Abstract
Abstract
Determining the injectivity of CO2 injection wells in depleted gas reservoirs is important, because injectivity directly impacts the operating envelope of the injector. Injectivity evolves over time due to changing fluid properties, but it can also change by processes like hydrate formation or fracturing (summarized in the skin parameter). This paper investigates how accurate injectivity monitoring is, based on coupled well-reservoir simulation and identifies threshold values for identifying injectivity loss or gain.
The relation between bottomhole pressure (BHP) and rate is a function of several reservoir properties and fluid properties, each carrying its own uncertainty. This paper quantifies the impact of these uncertainties on injectivity for CO2 injection into depleted gas reservoirs using a coupled wellbore and reservoir simulator. The analysis is performed for three scenarios with varying pipeline conditions and reservoir properties, representative for CCS projects in the Netherlands. The resulting BHP uncertainty is translated to equivalent skin values. This is the threshold value above or below which the observed bottomhole pressure data conclusively suggests injectivity gain or loss.
A good estimate of the fluid properties is important to accurately determine injectivity (changes). Although the uncertainty in density is small when using the appropriate Equation of State (like Span & Wagner for pure CO2), the deviation when using a standard Equation of State (like Peng-Robinson) is significant.
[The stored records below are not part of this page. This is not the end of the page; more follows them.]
lemma htpc_fcomp_fid_iff:
  "qs_mor SG SG F \<Longrightarrow> qs_mor SG SG K \<Longrightarrow>
    htpc SG SG (fcomp SC F K) (fid SC) \<longleftrightarrow> compose M (J F) (J K) = (\<lambda>a\<in>M. a)"
  by (simp add: htpc_iff_underlying_mor_eq qs_mor_fcomp qs_mor_fid underlying_mor_fcomp
      underlying_mor_fid)

lemma self_heq_iff:
  "self_heq SG F \<longleftrightarrow> qs_mor SG SG F \<and> (\<exists>K. qs_mor SG SG K \<and>
     compose M (J F) (J K) = (\<lambda>a\<in>M. a) \<and> compose M (J K) (J F) = (\<lambda>a\<in>M. a))"
  unfolding self_heq_def Stilde_simps(1) using htpc_fcomp_fid_iff by blast

lemma qs_aut_self_heq:
  assumes "qs_aut SG F"
  shows "self_heq SG F"
proof -
  obtain K where "qs_mor SG SG F" "qs_mor SG SG K" "fcomp SC K F = fid SC" "fcomp SC F K = fid SC"
    using assms unfolding qs_aut_def by auto
  moreover have "htpc SG SG (fid SC) (fid SC)"
    using qs_mor_fid by (simp add: htpc_iff_underlying_mor_eq)
  ultimately show ?thesis unfolding self_heq_def Stilde_simps(1) by metis
qed

lemma self_heq_fcomp:
  assumes "self_heq SG F" "self_heq SG K"
  shows "self_heq SG (fcomp SC F K)"
proof -
  obtain F' K' where F: "qs_mor SG SG F" "qs_mor SG SG F'"
      "compose M (J F) (J F') = (\<lambda>a\<in>M. a)" "compose M (J F') (J F) = (\<lambda>a\<in>M. a)"
    and K: "qs_mor SG SG K" "qs_mor SG SG K'"
      "compose M (J K) (J K') = (\<lambda>a\<in>M. a)" "compose M (J K') (J K) = (\<lambda>a\<in>M. a)"
    using assms unfolding self_heq_iff by blast
  then have "compose M (J (fcomp SC F K)) (J (fcomp SC K' F')) = (\<lambda>a\<in>M. a)"
    "compose M (J (fcomp SC K' F')) (J (fcomp SC F K)) = (\<lambda>a\<in>M. a)"
    using compose_inverse[OF underlying_mor_closed[OF F(1)] underlying_mor_closed[OF K(1)]
        underlying_mor_closed[OF K(2)] underlying_mor_closed[OF F(2)] F(3) K(3)]
      compose_inverse[OF underlying_mor_closed[OF K(2)] underlying_mor_closed[OF F(2)]
        underlying_mor_closed[OF F(1)] underlying_mor_closed[OF K(1)] K(4) F(4)]
    by (simp_all add: underlying_mor_fcomp qs_mor_fcomp)
  then show ?thesis
    unfolding self_heq_iff using qs_mor_fcomp F K by blast
qed
theorem lemma8p2:
  fixes ar :: "'r \<Rightarrow> nat"
    and X :: "'r fo set"
    and A :: "nat \<Rightarrow> 'a measure \<times> ('r \<Rightarrow> 'a list set)"
    and L :: "'b measure" and J :: "'r \<Rightarrow> 'b list set"
  assumes "X \<subseteq> FO ar"
    and "FO0 ar \<subseteq> X"
    and "Eq 0 1 \<in> X"
    and "\<forall>n. weakly_uniform (fst (A n))"
    and "modeling_X_limit ar X A L J"
  shows "weakly_uniform L"
proof -
  have model: "modeling ar L J"
    using assms(5) by (simp add: modeling_X_limit_def)
  have bound: "stone (Eq 0 1) L J \<le> 1 / card S" if "finite S" "S \<subseteq> space L" "S \<noteq> {}" for S
    using modeling_X_limit_stone_Eq_0_1_le[OF assms(2-5) that] .
  show ?thesis
  proof (cases "finite (space L)")
    case True
    have "space L \<noteq> {}"
      using model by (simp add: modeling_def prob_space.not_empty)
    with True show ?thesis
      by (intro weakly_uniform_if_stone_Eq_0_1_le_inverse_card[OF model] bound) simp_all
  next
    case False
    then show ?thesis
      using bound by (intro weakly_uniform_if_stone_Eq_0_1_le_0[OF model] le_0_if_le_inverse_card)
  qed
qed

end
lemma algC_loop_cost:
  "j + f \<le> k * (n - k) + 1 \<Longrightarrow> dlen q i \<le> W \<Longrightarrow>
    snd (snd (snd (algC_loop q n k i j f)))
      \<le> f * (5 * W) + k * (n - k) + (n - k) * (5 * W + 7 * W * (k + 1))"
proof (induction f arbitrary: i j)
  case 0
  then show ?case by simp
next
  case (Suc f)
  define m where "m = k * (n - k) - j"
  define A where "A = pcount k (n - k) (int m) * q ^ m"
  define c0 where "c0 = cop q (k * (n - k)) j + dlen q A + cop q i A"
  have dA: "dlen q A \<le> W" unfolding A_def m_def by (intro block_digits) simp
  have diA: "cop q i A \<le> W" using Suc.prems(2) dA by (rule cop_le)
  have "cop q (k * (n - k)) j \<le> W" using Suc.prems by (auto intro!: cop_le small_digits)
  then have c0: "c0 \<le> 3 * W" unfolding c0_def using dA diA by simp
  have dj: "cop q j 1 \<le> W" using Suc.prems by (auto intro!: cop_le small_digits)
  show ?case
  proof (cases "i < A")
    case True
    define h where "h = i div q ^ m"
    have "dlen q h \<le> W" using dlen_mono[OF q_ge_2, of h i] Suc.prems(2) unfolding h_def by simp
    then have cB: "snd (algB q n k m h) \<le> (n - k) * (5 * W + 7 * W * (k + 1))"
      by (intro algB_cost) (simp add: m_def)
    obtain Fs cB' where B: "algB q n k m h = (Fs, cB')" by (metis prod.exhaust)
    have "m \<le> k * (n - k)" unfolding m_def by simp
    then show ?thesis using True c0 cB B Suc.prems(2)
      unfolding algC_loop.simps Let_def m_def[symmetric] A_def[symmetric] c0_def[symmetric] h_def[symmetric]
      by (simp add: split_beta)
  next
    case False
    have di: "dlen q (i - A) \<le> W" using dlen_mono[OF q_ge_2, of "i - A" i] Suc.prems(2) by simp
    obtain Fs m' x c where rec: "algC_loop q n k (i - A) (Suc j) f = (Fs, m', x, c)"
      by (metis prod_cases4)
    have "c \<le> f * (5 * W) + k * (n - k) + (n - k) * (5 * W + 7 * W * (k + 1))"
      using Suc.IH[of "Suc j" "i - A"] Suc.prems di rec by simp
    then show ?thesis using False c0 diA dj rec
      unfolding algC_loop.simps Let_def m_def[symmetric] A_def[symmetric] c0_def[symmetric]
      by simp
  qed
qed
The parameter having the largest impact is reservoir pressure for high injectivity reservoirs and relative permeability for low injectivity reservoirs. The combined effect of all parameters (with the exception of reservoir pressure) is equivalent to a skin value of approximately 3 for the selected cases. Without reducing the uncertainty, it is not possible to distinguish between uncertainty in injectivity and actual wellbore damage of that magnitude.
There are ways to decrease the uncertainty in both estimated average reservoir pressure and fluid properties, like the collection of bottomhole temperature data. Shut-in pressure data will further reduce the average reservoir pressure estimate. However, the presence of skin will be difficult to assess from pressure transient data due to wellbore storage and near-wellbore cooling. Rate dependent skin can be assessed when there is rate variation. Permeability and relative permeability changes in the near-wellbore will be difficult to distinguish from wellbore damage. History matching the observed data by a coupled wellbore-reservoir simulator will further decrease the uncertainties.
Monitoring tools for CO2 injection in depleted reservoirs are yet to be developed. This paper improves the understanding of the uncertainties related to injectivity monitoring, which haven’t been quantified so far. Also, the value of a coupled wellbore and reservoir simulator is demonstrated in this paper.